Students Majority of Nationwide Drug Arrests

Almost 70 percent of the illicit drug users arrested in Cambodia in the first nine months of 2002 were high school and university students, according to a government report.

Some 127 drug users were ar­rested up to the end of Septem­ber, 87 of which were school students while the remainder were sex workers and manual laborers, according to the National Au­thority for Combating Drugs.

Most of the students were ar­rested for methamphetamine abuse in Phnom Penh, the report stated.

“Based on information from primary and high school headmasters, mainly in Phnom Penh, Battambang and Sihanoukville, [meth­amphetamine use] is be­coming very common,” said Graham Shaw, of the UN Office for Drug Control and Crime Prevention.

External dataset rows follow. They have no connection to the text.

lemma decomposable_cover:
  assumes "finite F" and "\<exists>e\<in>span F. bounded_orbit T (x + e)"
  shows "\<exists>K::nat. x \<in> decomposable F (real K)"
proof -
  obtain e where e: "e \<in> span F" "bounded_orbit T (x + e)" using assms(2) by blast
  obtain u where u: "e = (\<Sum>f\<in>F. sm (u f) f)" using e(1) unfolding span_finite[OF assms(1)] by blast
  obtain B where B: "\<forall>n. norm ((T ^^ n) (x + e)) \<le> B" using e(2) unfolding bounded_orbit_def by blast
  define K where "K = nat \<lceil>(\<Sum>f\<in>F. norm (u f)) + \<bar>B\<bar>\<rceil>"
  have K: "(\<Sum>f\<in>F. norm (u f)) + \<bar>B\<bar> \<le> real K" unfolding K_def by linarith
  have "norm (- u f) \<le> real K" if "f \<in> F" for f
  proof -
    have "norm (u f) \<le> (\<Sum>f\<in>F. norm (u f))" using that assms(1) by (intro member_le_sum) auto
    then show ?thesis using K by simp
  qed
  moreover have "x - (\<Sum>f\<in>F. sm (- u f) f) = x + e"
    by (simp add: u scale_minus_left sum_negf)
  then have "norm ((T ^^ n) (x - (\<Sum>f\<in>F. sm (- u f) f))) \<le> real K" for n
    using B K by (smt (verit) sum_nonneg norm_ge_zero)
  ultimately show ?thesis unfolding decomposable_def mem_Collect_eq by (intro exI[of _ K] exI[of _ "\<lambda>f. - u f"]) blast
qed

lemma decomposable_uniformly:
  assumes fin: "finite F" and cover: "\<And>x. \<exists>e\<in>span F. bounded_orbit T (x + e)"
  shows "\<exists>D\<ge>0. \<forall>x. x \<in> decomposable F (D * norm x)"
proof -
  have "\<exists>K. interior (decomposable F (real K)) \<noteq> {}"
  proof (rule ccontr)
    assume "\<not> ?thesis"
    then have "euclidean interior_of (\<Union>K. decomposable F (real K)) = {}"
      by (intro Baire_category_alt)
        (auto simp: completely_metrizable_space_euclidean closed_decomposable[OF fin])
    moreover have "(\<Union>K. decomposable F (real K)) = UNIV"
      using decomposable_cover[OF fin cover] by blast
    ultimately show False by simp
  qed
  then obtain K x1 where "x1 \<in> interior (decomposable F (real K))" by blast
  then obtain \<rho> where \<rho>: "\<rho> > 0" "ball x1 \<rho> \<subseteq> decomposable F (real K)"
    by (meson interior_subset open_contains_ball_eq open_interior subset_trans)
  have near_0: "x \<in> decomposable F (2 * real K)" if "norm x < \<rho>" for x
  proof -
    have "x1 + x \<in> decomposable F (real K)" "x1 \<in> decomposable F (real K)"
      using \<rho> that by (auto simp: dist_norm)
    from decomposable_diff[OF this] show ?thesis by simp
  qed
  define D where "D = 4 * real K / \<rho>"
  have "x \<in> decomposable F (D * norm x)" for x
  proof -
    \<comment> \<open>For \<open>x = 0\<close> both scalings below are \<open>0\<close>, and the argument still goes through.\<close>
    define x' where "x' = (\<rho> / (2 * norm x)) *\<^sub>R x"
    have "norm x' < \<rho>" unfolding x'_def using \<rho>(1) by (cases "x = 0") auto
    then have "(2 * norm x / \<rho>) *\<^sub>R x' \<in> decomposable F (2 * norm x / \<rho> * (2 * real K))"
      using \<rho>(1) by (intro decomposable_scaleR near_0) auto
    moreover have "(2 * norm x / \<rho>) *\<^sub>R x' = x" unfolding x'_def using \<rho>(1) by (cases "x = 0") auto
    moreover have "2 * norm x / \<rho> * (2 * real K) = D * norm x" unfolding D_def by simp
    ultimately show ?thesis by simp
  qed
  moreover have "D \<ge> 0" unfolding D_def using \<rho>(1) by simp
  ultimately show ?thesis by blast
qed


context
  fixes F :: "'a set" and D :: real
  assumes finite_F: "finite F"
    and independent: "\<forall>e\<in>span F. bounded_orbit T e \<longrightarrow> e = 0"
    and D_nonneg: "D \<ge> 0"
    and decomposable_D: "\<And>x. x \<in> decomposable F (D * norm x)"
begin

definition proj :: "'a \<Rightarrow> 'a" where
  "proj x = (THE e. e \<in> span F \<and> bounded_orbit T (x - e))"

lemma proj_unique:
  assumes "e \<in> span F" and "bounded_orbit T (x - e)"
  shows "proj x = e"
proof -
  have uniq: "e' = e" if "e' \<in> span F" "bounded_orbit T (x - e')" for e'
  proof -
    have "bounded_orbit T (e - e')" using bounded_orbit_diff[OF that(2) assms(2)] by simp
    moreover have "e - e' \<in> span F" using assms(1) that(1) by (rule span_diff)
    ultimately show ?thesis using independent by fastforce
  qed
  show ?thesis
    unfolding proj_def using assms uniq by (intro the_equality) blast+
qed

lemma proj_decomposition:
  "\<exists>u. proj x = (\<Sum>f\<in>F. sm (u f) f) \<and> (\<forall>f\<in>F. norm (u f) \<le> D * norm x) \<and>
     (\<forall>n. norm ((T ^^ n) (x - proj x)) \<le> D * norm x)"
proof -
  obtain u where u: "\<forall>f\<in>F. norm (u f) \<le> D * norm x"
      "\<forall>n. norm ((T ^^ n) (x - (\<Sum>f\<in>F. sm (u f) f))) \<le> D * norm x"
    using decomposable_D[of x] unfolding decomposable_def by blast
  have "proj x = (\<Sum>f\<in>F. sm (u f) f)"
  proof (rule proj_unique)
    show "(\<Sum>f\<in>F. sm (u f) f) \<in> span F" by (intro span_sum span_scale span_base)
    show "bounded_orbit T (x - (\<Sum>f\<in>F. sm (u f) f))" using u(2) unfolding bounded_orbit_def by blast
  qed
  then show ?thesis using u by auto
qed

lemma proj_in_span: "proj x \<in> span F"
proof -
  obtain u where "proj x = (\<Sum>f\<in>F. sm (u f) f)" using proj_decomposition by blast
  moreover have "(\<Sum>f\<in>F. sm (u f) f) \<in> span F" by (intro span_sum span_scale span_base)
  ultimately show ?thesis by simp
qed

lemma norm_iter_diff_proj_le: "norm ((T ^^ n) (x - proj x)) \<le> D * norm x"
  using proj_decomposition[of x] by blast

lemma bounded_orbit_diff_proj: "bounded_orbit T (x - proj x)"
  unfolding bounded_orbit_def using norm_iter_diff_proj_le by blast

lemma proj_add: "proj (x + y) = proj x + proj y"
proof (rule proj_unique)
  show "proj x + proj y \<in> span F" by (intro span_add proj_in_span)
  have "x + y - (proj x + proj y) = (x - proj x) + (y - proj y)" by simp
  then show "bounded_orbit T (x + y - (proj x + proj y))"
    by (metis bounded_orbit_add bounded_orbit_diff_proj)
qed

lemma proj_sm: "proj (sm c x) = sm c (proj x)"
proof (rule proj_unique)
  show "sm c (proj x) \<in> span F" by (intro span_scale proj_in_span)
  show "bounded_orbit T (sm c x - sm c (proj x))"
    using bounded_orbit_sm[OF bounded_orbit_diff_proj[of x], of c] by (simp add: scale_right_diff_distrib)
qed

The headmaster of one Phnom Penh school reported drug use by students as young as eight years-old and methamphetamine pills increasingly being sold in coffee shops, amusement arcades and food stalls that congregate near schools in the capital, Shaw said.

Sold as “strong vitamins,” some individuals who sell methamphetamines to school children may not know they are harmful, and students who buy the pills may not be aware of the effects, Shaw added.

Also, with the cost of the pills continually dropping—now estimated to fetch less than $1 in Phnom Penh—methamphetamine use is growing exponentially, especially among students, prostitutes and manual workers.

“There is a need to raise awareness in schools about drug use,” Shaw said.

Anti-drug police confiscated 115,050 methamphetamines pills through September—almost 10 times the amount of pills seized in 1997—while drugs continue to flow into Cambodia across the Lao border in Stung Treng province, according to the NACD report.

Stung Treng province has in­creasingly been tapped as a major corridor for heroin and methamphetamines smuggled from the lawless, drug-producing “Golden Triangle” region of the Lao-Thai-Burma borders.